Work order: Search the records below for the word "metis". Copy each line where it occurs.

Data for this task:
lemma choose_mult_power_eq:
  assumes "l \<le> n" "0 < n"
  shows "real (n choose l) * (x / real n) ^ l = x ^ l / fact l * (\<Prod>i<l. 1 - real i / real n)"
proof -
  have "real (n choose l) = (\<Prod>i<l. real n - real i) / fact l"
    using assms(1) by (simp add: binomial_altdef_of_nat prod_dividef fact_prod_rev of_nat_diff
        atLeast0LessThan flip: prod.lessThan_Suc)
  moreover have "(\<Prod>i<l. 1 - real i / real n) = (\<Prod>i<l. (real n - real i) / real n)"
    using assms(2) by (intro prod.cong) (auto simp: field_simps)
  ultimately show ?thesis
    by (simp add: power_divide prod_dividef)
qed

lemma binomial_tendsto_poisson:
  "(\<lambda>n. real (n choose l) * (lam / real n) ^ l * (1 - lam / real n) ^ (n - l))
     \<longlonglongrightarrow> poisson_prob lam l"
proof -
  define g where "g n = lam ^ l / fact l * (\<Prod>i<l. 1 - real i / real n)
                        * ((1 + (- lam) / real n) ^ n / (1 - lam / real n) ^ l)" for n
  have "g \<longlonglongrightarrow> lam ^ l / fact l * (\<Prod>i<l. 1 - 0) * (exp (- lam) / (1 - 0) ^ l)"
    unfolding g_def by (intro tendsto_intros tendsto_exp_limit_sequentially) auto
  moreover have "eventually (\<lambda>n. g n
      = real (n choose l) * (lam / real n) ^ l * (1 - lam / real n) ^ (n - l)) sequentially"
  proof (rule eventually_sequentiallyI[of "l + nat \<lceil>\<bar>lam\<bar>\<rceil> + 1"])
    fix n assume n: "l + nat \<lceil>\<bar>lam\<bar>\<rceil> + 1 \<le> n"
    then have "1 - lam / real n \<noteq> 0"
      by (auto simp: field_simps split: if_splits)
    then have "(1 - lam / real n) ^ (n - l) = (1 + (- lam) / real n) ^ n / (1 - lam / real n) ^ l"
      using n by (simp add: power_diff)
    then show "g n = real (n choose l) * (lam / real n) ^ l * (1 - lam / real n) ^ (n - l)"
      using n by (simp add: g_def choose_mult_power_eq)
  qed
  ultimately show ?thesis
    by (simp add: poisson_prob_def tendsto_cong)
qed

lemma f_eq_convolution:
  assumes "(lam, p) \<in> nabla"
  shows "f k lam p = (\<Sum>m\<le>k. poisson_binomial_infinite p m * poisson_prob lam (k - m))"
proof -
  have "(\<lambda>n. f_trunc n k lam p)
      \<longlonglongrightarrow> (\<Sum>m\<le>k. poisson_binomial_infinite p m * poisson_prob lam (k - m))"
    unfolding f_trunc_eq_convolution
    using assms by (intro tendsto_intros poisson_binomial_lessThan_tendsto) (auto simp: nabla_def)
  then show ?thesis
    unfolding f_def by (rule limI)
qed

(* Indices below n keep p, index n carries the tail sum_(i >= n) p_i, and the n indices
   n + 1, ..., 2n carry lam/n, so that their sum is Binomial(n, lam/n), close to Poisson(lam). *)
definition bernoulli_approx :: "real \<Rightarrow> (nat \<Rightarrow> real) \<Rightarrow> nat \<Rightarrow> nat \<Rightarrow> real" where
  "bernoulli_approx lam p n i =
     (if i < n then p i else if i = n then (\<Sum>i. p i) - (\<Sum>i<n. p i) else lam / real n)"
lemma constacyclic_2D_eval2_eq_1_off_common_zeros:
  fixes emb :: "'a::field \<Rightarrow> 'b::{finite,field}"
  assumes fe: "field_emb emb" and M: "M \<ge> 1" and N: "N \<ge> 1"
    and C: "constacyclic_2D M N l1 l2 C"
  shows "\<exists>E\<in>C. \<forall>(a, b)\<in>V_circ emb M N l1 l2 - V_common emb M N l1 l2 C. eval2 emb M N E a b = 1"
proof -
  let ?V = "V_circ emb M N l1 l2 - V_common emb M N l1 l2 C"
  have "finite ?V" "?V \<subseteq> ?V"
    by simp_all
  then show ?thesis
  proof (induct rule: finite_subset_induct')
    case empty
    then show ?case
      using constacyclic_2D_zero[OF C] by blast
  next
    case (insert P T)
    then obtain E where "E \<in> C" and E_1: "\<forall>(a, b)\<in>T. eval2 emb M N E a b = 1"
      by blast
    obtain h where "h \<in> C" and h_1: "eval2 emb M N h (fst P) (snd P) = 1"
      using constacyclic_2D_eval2_eq_1[OF fe M N C, of "fst P" "snd P"] \<open>P \<in> ?V\<close> by auto
    define E' where "E' = (\<lambda>i j. E i j + h i j - cmult M N l1 l2 E h i j)"
    have "E' \<in> C"
      unfolding E'_def
      by (intro constacyclic_2D_diff[OF C] constacyclic_2D_add[OF C] constacyclic_2D_cmult[OF C]
          \<open>E \<in> C\<close> \<open>h \<in> C\<close>)
    moreover have "eval2 emb M N E' a b = 1" if "(a, b) \<in> insert P T" for a b
    proof -
      have a: "a ^ M = emb l1" and b: "b ^ N = emb l2"
        using that insert.hyps(2,3) by (auto simp: V_circ_def)
      have "eval2 emb M N E' a b =
          eval2 emb M N E a b + eval2 emb M N h a b - eval2 emb M N E a b * eval2 emb M N h a b"
        unfolding E'_def by (simp add: eval2_diff[OF fe] eval2_add[OF fe] eval2_cmult[OF fe M a N b])
      then show ?thesis
        using that E_1 h_1 by auto
    qed
    ultimately show ?case
      by blast
  qed
qed

lemma linear_mono_mult:
  assumes lin: "Vector_Spaces.linear (\<lambda>a x. emb a * x) (*) \<phi>"
  shows "(\<lambda>r s. \<phi> (mono_mult M N (emb l1) (emb l2) i j W r s))
       = mono_mult M N l1 l2 i j (\<lambda>r s. \<phi> (W r s))"
proof -
  interpret \<phi>: Vector_Spaces.linear "\<lambda>a x. emb a * x" "(*)" \<phi>
    by (fact lin)
  show ?thesis
    unfolding mono_mult_def
  proof (induct i)
    case 0
    show ?case
      by (induct j) (simp_all add: row_shift_def fun_eq_iff \<phi>.scale)
  next
    case (Suc i)
    then show ?case
      by (simp add: col_shift_def fun_eq_iff \<phi>.scale)
  qed
qed

lemma linear_cmult:
  assumes lin: "Vector_Spaces.linear (\<lambda>a x. emb a * x) (*) \<phi>"
  shows "(\<lambda>r s. \<phi> (cmult M N (emb l1) (emb l2) W (\<lambda>i j. emb (E i j)) r s))
       = cmult M N l1 l2 (\<lambda>r s. \<phi> (W r s)) E"
proof -
  interpret \<phi>: Vector_Spaces.linear "\<lambda>a x. emb a * x" "(*)" \<phi>
    by (fact lin)
  show ?thesis
    unfolding cmult_def by (simp add: \<phi>.sum \<phi>.scale linear_mono_mult[OF lin, symmetric])
qed

lemma hweight_map_le:
  assumes "\<phi> 0 = 0"
  shows "hweight M N (\<lambda>i j. \<phi> (Y i j)) \<le> hweight M N Y"
  unfolding hweight_def
proof (rule card_mono)
  show "finite {(i, j). i < M \<and> j < N \<and> Y i j \<noteq> 0}"
    by (rule finite_subset[of _ "{..<M} \<times> {..<N}"]) auto
qed (use assms in auto)

lemma array_eq_0_if_vanishes_on_common_zeros:
  fixes emb :: "'a::field \<Rightarrow> 'b::{finite,field}" and Y :: "nat \<Rightarrow> nat \<Rightarrow> 'b"
  assumes fe: "field_emb emb" and M: "M \<ge> 1" and N: "N \<ge> 1"
    and card_A: "card {a::'b. a ^ M = emb l1} = M" and card_B: "card {b::'b. b ^ N = emb l2} = N"
    and C: "constacyclic_2D M N l1 l2 C" and d: "is_min_dist M N C d"
    and Y: "is_array M N Y"
    and vanish: "\<And>a b. (a, b) \<in> V_common emb M N l1 l2 C \<Longrightarrow> eval2 id M N Y a b = 0"
    and weight: "hweight M N Y < d"
  shows "Y = (\<lambda>i j. 0)"
proof (rule ccontr)
  assume "Y \<noteq> (\<lambda>i j. 0)"
  then obtain p q where "Y p q \<noteq> 0"
    by (auto simp: fun_eq_iff)
  obtain E where "E \<in> C"
    and E_1: "\<And>a b. (a, b) \<in> V_circ emb M N l1 l2 - V_common emb M N l1 l2 C \<Longrightarrow>
      eval2 emb M N E a b = 1"
    using constacyclic_2D_eval2_eq_1_off_common_zeros[OF fe M N C] by blast
  have id: "field_emb (id :: 'b \<Rightarrow> 'b)"
    by (simp add: field_emb_def)
  have fixed: "cmult M N (emb l1) (emb l2) Y (\<lambda>i j. emb (E i j)) = Y"
  proof (rule array_eqI_eval2[OF id _ _ _ _ array_cmult[OF Y] Y])
    show "finite {a::'b. a ^ M = emb l1}" "finite {b::'b. b ^ N = emb l2}"
      by simp_all
    fix a b assume a: "a \<in> {a. a ^ M = emb l1}" and b: "b \<in> {b. b ^ N = emb l2}"
    have "eval2 id M N (\<lambda>i j. emb (E i j)) a b = eval2 emb M N E a b"
      by (simp add: eval2_def)
    moreover have "eval2 id M N Y a b * eval2 emb M N E a b = eval2 id M N Y a b"
      using vanish[of a b] E_1[of a b] a b by (cases "(a, b) \<in> V_common emb M N l1 l2 C") (auto simp: V_circ_def)
    ultimately show "eval2 id M N (cmult M N (emb l1) (emb l2) Y (\<lambda>i j. emb (E i j))) a b
        = eval2 id M N Y a b"
      using a b by (simp add: eval2_cmult[OF id M _ N])
  qed (simp_all add: card_A card_B)
  obtain \<phi> where lin: "Vector_Spaces.linear (\<lambda>a x. emb a * x) (*) \<phi>" and "\<phi> (Y p q) = 1"
    using exists_linear_functional_eq_1[OF fe \<open>Y p q \<noteq> 0\<close>] by blast
  interpret \<phi>: Vector_Spaces.linear "\<lambda>a x. emb a * x" "(*)" \<phi>
    by (fact lin)
  define y where "y = (\<lambda>i j. \<phi> (Y i j))"
  have "is_array M N y"
    using Y unfolding y_def is_array_def by simp
  have "y = cmult M N l1 l2 y E"
    using linear_cmult[OF lin, of M N l1 l2 Y E] unfolding fixed y_def .
  also have "\<dots> = cmult M N l1 l2 E y"
    using cmult_commute[OF fe M N card_A card_B \<open>is_array M N y\<close>]
      constacyclic_2D_array[OF C \<open>E \<in> C\<close>] .
  finally have "y \<in> C"
    using constacyclic_2D_cmult[OF C \<open>E \<in> C\<close>, of y] by metis
  moreover have "y \<noteq> (\<lambda>i j. 0)"
    using \<open>\<phi> (Y p q) = 1\<close> unfolding y_def by (metis one_neq_zero)
  ultimately have "d \<le> hweight M N y"
    using d unfolding is_min_dist_def by blast
  moreover have "hweight M N y \<le> hweight M N Y"
    unfolding y_def by (rule hweight_map_le) (fact \<phi>.zero)
  ultimately show False
    using weight by linarith
qed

Answer to the exercise:
    using constacyclic_2D_cmult[OF C \<open>E \<in> C\<close>, of y] by metis
    using \<open>\<phi> (Y p q) = 1\<close> unfolding y_def by (metis one_neq_zero)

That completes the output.